As they continued on their walk, Vanessa noticed that Tayo had a habit of picking up twigs that he would play with for some minutes before sending them twirling away into the bushes. She liked the way he carried himself — so at ease in his body. It was obvious that he was clever and accomplished and yet in his manner he was humble, never once flaunting his knowledge in the way that she’d grown to dislike in men like Charlie and Mehul. Tayo also seemed to be more serious and less flirtatious than when she’d first met him, which prompted her to share something that had been bothering her. Oxford was a small place and she preferred that Tayo should find out about her family from her and not from others.
‘I have a small confession for you, Tayo. A small confession.’ She laughed, tapping him playfully on the shoulder when he stopped dead in his tracks. ‘I just wanted to say …Well, do you remember when you asked me about my interest in Africa? I felt a bit embarrassed, in light of the debate that evening, to admit that I actually do have connections to Africa.’
‘But why so embarrassed?’ he asked.
‘Because,’ she hesitated, ‘well, because my father and grandfather were in the colonial service.’ They had stopped on a bridge and were leaning against a wooden railing, peering at the water flowing gently downstream. Two ducks paddled close to the riverbank, leaving room for a punter to glide silently past. And there, as they stood side-by-side, she told him about her father’s colonial tours in West Africa. She chose her words carefully, hoping he wouldn’t form a bad impression of her family and, as a result, found herself saying more positive things than intended. It wasn’t true that her father had been won over to the idea of African independence, so that when Tayo told her she ought to be more proud of her father, she felt guilty.
‘My father also worked in the British Administration,’ Tayo said, as a way, Vanessa thought, of reassuring her. His father, he added, had been a court messenger in the 1950s and an interpreter in the Native Administration before becoming a policeman. His father had made many British friends including some district officers. Tayo wondered whether their fathers might have met.
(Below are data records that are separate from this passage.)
text \<open>\<open>\<Gamma>(p + 1)\<close> times the Riemann-Liouville integral of order \<open>p\<close> of \<open>\<phi>\<close>.\<close>
definition power_kernel_integral :: "real \<Rightarrow> (real \<Rightarrow> ennreal) \<Rightarrow> real \<Rightarrow> ennreal" where
  "power_kernel_integral p \<phi> x = (\<integral>\<^sup>+y\<in>{0<..x}. ennreal (p * (x - y) powr (p - 1)) * \<phi> y \<partial>lborel)"

lemma power_kernel_integral_rescaled:
  assumes x: "0 < x" and [measurable]: "\<phi> \<in> borel_measurable borel"
  shows "power_kernel_integral p \<phi> x =
    (\<integral>\<^sup>+t\<in>{0<..1}. ennreal (p * x powr p * (1 - t) powr (p - 1)) * \<phi> (x * t) \<partial>lborel)"
proof -
  have "power_kernel_integral p \<phi> x = ennreal \<bar>x\<bar> *
      (\<integral>\<^sup>+t. ennreal (p * (x - (0 + x * t)) powr (p - 1)) * \<phi> (0 + x * t) * indicator {0<..x} (0 + x * t) \<partial>lborel)"
    unfolding power_kernel_integral_def by (rule nn_integral_real_affine) (use x in auto)
  also have "\<dots> = (\<integral>\<^sup>+t. ennreal x * (ennreal (p * (x - x * t) powr (p - 1)) * \<phi> (x * t) * indicator {0<..x} (x * t)) \<partial>lborel)"
    using x by (subst nn_integral_cmult) auto
  also have "\<dots> = (\<integral>\<^sup>+t\<in>{0<..1}. ennreal (p * x powr p * (1 - t) powr (p - 1)) * \<phi> (x * t) \<partial>lborel)"
  proof (intro nn_integral_cong)
    fix t :: real
    have scale: "x * (p * (x - x * t) powr (p - 1)) = p * x powr p * (1 - t) powr (p - 1)" if "t \<le> 1"
    proof -
      have "(x - x * t) powr (p - 1) = x powr (p - 1) * (1 - t) powr (p - 1)"
        using x that by (simp add: powr_mult[symmetric] right_diff_distrib)
      moreover have "x * x powr (p - 1) = x powr p"
        using x by (simp add: powr_diff)
      ultimately show ?thesis by (simp add: ac_simps)
    qed
    have range: "x * t \<in> {0<..x} \<longleftrightarrow> t \<in> {0<..1}"
      using x by (auto simp: zero_less_mult_iff)
    show "ennreal x * (ennreal (p * (x - x * t) powr (p - 1)) * \<phi> (x * t) * indicator {0<..x} (x * t)) =
        ennreal (p * x powr p * (1 - t) powr (p - 1)) * \<phi> (x * t) * indicator {0<..1} t"
    proof (cases "t \<in> {0<..1}")
      case True
      then have "ennreal x * ennreal (p * (x - x * t) powr (p - 1)) = ennreal (p * x powr p * (1 - t) powr (p - 1))"
        using x by (simp add: scale[symmetric] ennreal_mult')
      then show ?thesis
        using True range by (simp add: mult.assoc[symmetric])
    qed (use range in simp)
  qed
  finally show ?thesis .
qed

lemma nn_integral_powr_dilation:
  assumes t: "0 < t" and [measurable]: "\<phi> \<in> borel_measurable borel"
  shows "(\<integral>\<^sup>+x\<in>{0<..}. ennreal (x powr r) * \<phi> (x * t) \<partial>lborel) =
    ennreal (t powr (-r - 1)) * (\<integral>\<^sup>+u\<in>{0<..}. ennreal (u powr r) * \<phi> u \<partial>lborel)"
proof -
  have "(\<integral>\<^sup>+u\<in>{0<..}. ennreal (u powr r) * \<phi> u \<partial>lborel) = ennreal \<bar>t\<bar> *
      (\<integral>\<^sup>+x. ennreal ((0 + t * x) powr r) * \<phi> (0 + t * x) * indicator {0<..} (0 + t * x) \<partial>lborel)"
    by (rule nn_integral_real_affine) (use t in auto)
  also have "\<dots> = (\<integral>\<^sup>+x. ennreal t * (ennreal ((t * x) powr r) * \<phi> (t * x) * indicator {0<..} (t * x)) \<partial>lborel)"
    using t by (subst nn_integral_cmult) auto
  also have "\<dots> = (\<integral>\<^sup>+x. ennreal (t powr (r + 1)) * (ennreal (x powr r) * \<phi> (x * t) * indicator {0<..} x) \<partial>lborel)"
  proof (intro nn_integral_cong)
    fix x :: real
    show "ennreal t * (ennreal ((t * x) powr r) * \<phi> (t * x) * indicator {0<..} (t * x)) =
        ennreal (t powr (r + 1)) * (ennreal (x powr r) * \<phi> (x * t) * indicator {0<..} x)"
    proof (cases "0 < x")
      case True
      have "t * (t * x) powr r = t powr (r + 1) * x powr r"
        using t True by (simp add: powr_mult powr_add)
      then show ?thesis
        using t True by (simp add: ennreal_mult'[symmetric] mult.assoc[symmetric] mult.commute)
    qed (use t in \<open>simp add: zero_less_mult_iff\<close>)
  qed
  also have "\<dots> = ennreal (t powr (r + 1)) * (\<integral>\<^sup>+x\<in>{0<..}. ennreal (x powr r) * \<phi> (x * t) \<partial>lborel)"
    by (rule nn_integral_cmult) measurable
  finally have "ennreal (t powr (-r - 1)) * (\<integral>\<^sup>+u\<in>{0<..}. ennreal (u powr r) * \<phi> u \<partial>lborel) =
      ennreal (t powr (-r - 1) * t powr (r + 1)) * (\<integral>\<^sup>+x\<in>{0<..}. ennreal (x powr r) * \<phi> (x * t) \<partial>lborel)"
    by (simp add: ennreal_mult' mult.assoc)
  also have "t powr (-r - 1) * t powr (r + 1) = 1"
    using t by (simp add: powr_add[symmetric])
  finally show ?thesis by simp
qed

lemma power_kernel_integral_weighted_rescaled:
  assumes x: "0 < x" and \<phi>: "\<phi> \<in> borel_measurable borel"
  shows "power_kernel_integral p \<phi> x * ennreal (x powr (-\<alpha> - 1)) =
    (\<integral>\<^sup>+t\<in>{0<..1}. ennreal (p * (1 - t) powr (p - 1)) * (ennreal (x powr (p - \<alpha> - 1)) * \<phi> (x * t)) \<partial>lborel)"
proof -
  have "power_kernel_integral p \<phi> x * ennreal (x powr (-\<alpha> - 1)) =
      (\<integral>\<^sup>+t\<in>{0<..1}. ennreal (p * x powr p * (1 - t) powr (p - 1)) * \<phi> (x * t) * ennreal (x powr (-\<alpha> - 1)) \<partial>lborel)"
    unfolding power_kernel_integral_rescaled[OF x \<phi>]
    by (subst nn_integral_multc[symmetric]) (use \<phi> in measurable, simp add: mult.commute mult.left_commute)
  also have "\<dots> = (\<integral>\<^sup>+t\<in>{0<..1}. ennreal (p * (1 - t) powr (p - 1)) * (ennreal (x powr (p - \<alpha> - 1)) * \<phi> (x * t)) \<partial>lborel)"
  proof (intro nn_integral_cong)
    fix t :: real
    have "ennreal (p * x powr p * (1 - t) powr (p - 1)) * ennreal (x powr (-\<alpha> - 1)) =
        ennreal (p * x powr p * (1 - t) powr (p - 1) * x powr (-\<alpha> - 1))"
      by (rule ennreal_mult''[symmetric]) simp
    also have "p * x powr p * (1 - t) powr (p - 1) * x powr (-\<alpha> - 1) = p * (1 - t) powr (p - 1) * x powr (p - \<alpha> - 1)"
      by (simp add: powr_add[symmetric] algebra_simps)
    also have "ennreal \<dots> = ennreal (p * (1 - t) powr (p - 1)) * ennreal (x powr (p - \<alpha> - 1))"
      by (rule ennreal_mult'') simp
    finally have "ennreal (p * x powr p * (1 - t) powr (p - 1)) * ennreal (x powr (-\<alpha> - 1)) =
        ennreal (p * (1 - t) powr (p - 1)) * ennreal (x powr (p - \<alpha> - 1))" .
    then show "ennreal (p * x powr p * (1 - t) powr (p - 1)) * \<phi> (x * t) * ennreal (x powr (-\<alpha> - 1)) * indicator {0<..1} t =
        ennreal (p * (1 - t) powr (p - 1)) * (ennreal (x powr (p - \<alpha> - 1)) * \<phi> (x * t)) * indicator {0<..1} t"
      by (simp add: mult.commute mult.left_commute)
  qed
  finally show ?thesis .
qed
‘Perhaps,’ Vanessa replied, knowing this was doubtful. Her father did not fall into the category of colonial officers who were loved by locals, and she regretted misleading Tayo into thinking so. She hoped he would never have occasion to see the less attractive side of her father. At least she could count on Father to put on a good act. For a few moments they walked in silence, in single file, along the narrowing path. She wanted to ask Tayo more about his family but didn’t want to seem rude, so they talked, instead, about college and the people they knew. She hadn’t realised how far they’d come until she saw they were nearly at The Trout, a country pub where she’d been several times before, but always by car, never on foot. Her feet hurt from her new boots and she was weary, but Tayo didn’t look tired at all, no doubt, she told him, because of all the sports he played.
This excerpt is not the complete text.